PROMPT
Read through the lines below for the string "also" and copy each one that has it.

Records excerpted from a collection
----------
lemma power_Suc_mult_swap: "(b * a) ^ Suc n = b * (a * b) ^ n * (a::'a::monoid_mult)"
proof (induction n)
  case (Suc n)
  have "(b * a) ^ Suc (Suc n) = b * ((a * b) ^ n * (a * b)) * a"
    using Suc by (simp only: power_Suc2 mult.assoc)
  then show ?case by (simp only: power_Suc2)
qed simp

lemma comm2_mult_swap:
  fixes a b y :: "'a::ring_1"
  assumes y: "y \<in> comm2 (a * b)" and inner: "y * (a * b) * y = y"
  shows "b * y ^ 2 * a \<in> comm2 (b * a)"
  unfolding comm2_def comm_def
proof (intro CollectI ballI)
  fix c assume "c \<in> {c. b * a * c = c * (b * a)}"
  then have c: "b * a * c = c * (b * a)" by simp
  have y_comm: "y * d = d * y" if "a * b * d = d * (a * b)" for d
    using y that unfolding comm2_def comm_def by blast
  have "a * b * (a * c * b) = a * (b * a * c) * b" by (simp add: mult.assoc)
  also have "\<dots> = a * c * b * (a * b)" using c by (simp add: mult.assoc)
  finally have y3_acb: "y ^ 3 * (a * c * b) = a * c * b * y ^ 3"
    using y_comm power_commuting_commutes by blast
  have "y * (a * b) = a * b * y" by (rule y_comm) simp
  note sq = inner_inverse_square[OF this inner]
  have y3: "y ^ 3 = y * y ^ 2" "y ^ 3 = y ^ 2 * y"
    by (simp_all add: power3_eq_cube power2_eq_square mult.assoc)
  have "y ^ 3 * (a * b) = y * (y ^ 2 * (a * b))" unfolding y3(1) by (simp add: mult.assoc)
  moreover have "a * b * y ^ 3 = (a * b * y ^ 2) * y" unfolding y3(2) by (simp add: mult.assoc)
  ultimately have y2: "y ^ 2 = y ^ 3 * (a * b)" "y ^ 2 = a * b * y ^ 3"
    unfolding sq by (simp_all add: power2_eq_square)
  have "b * y ^ 2 * a * c = b * (y ^ 3 * (a * c * b)) * a"
    unfolding y2(1) using c by (simp add: mult.assoc)
  also have "\<dots> = b * (a * c * b * y ^ 3) * a" using y3_acb by simp
  also have "\<dots> = (b * a * c) * (b * y ^ 3 * a)" by (simp add: mult.assoc)
  also have "\<dots> = c * (b * (a * b * y ^ 3) * a)" unfolding c by (simp add: mult.assoc)
  also have "\<dots> = c * (b * y ^ 2 * a)" by (simp only: y2(2))
  finally show "b * y ^ 2 * a * c = c * (b * y ^ 2 * a)" .
qed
----------
RESPONSE BOX
  also have "\<dots> = a * c * b * (a * b)" using c by (simp add: mult.assoc)
  also have "\<dots> = b * (a * c * b * y ^ 3) * a" using y3_acb by simp
  also have "\<dots> = (b * a * c) * (b * y ^ 3 * a)" by (simp add: mult.assoc)
  also have "\<dots> = c * (b * (a * b * y ^ 3) * a)" unfolding c by (simp add: mult.assoc)
  also have "\<dots> = c * (b * y ^ 2 * a)" by (simp only: y2(2))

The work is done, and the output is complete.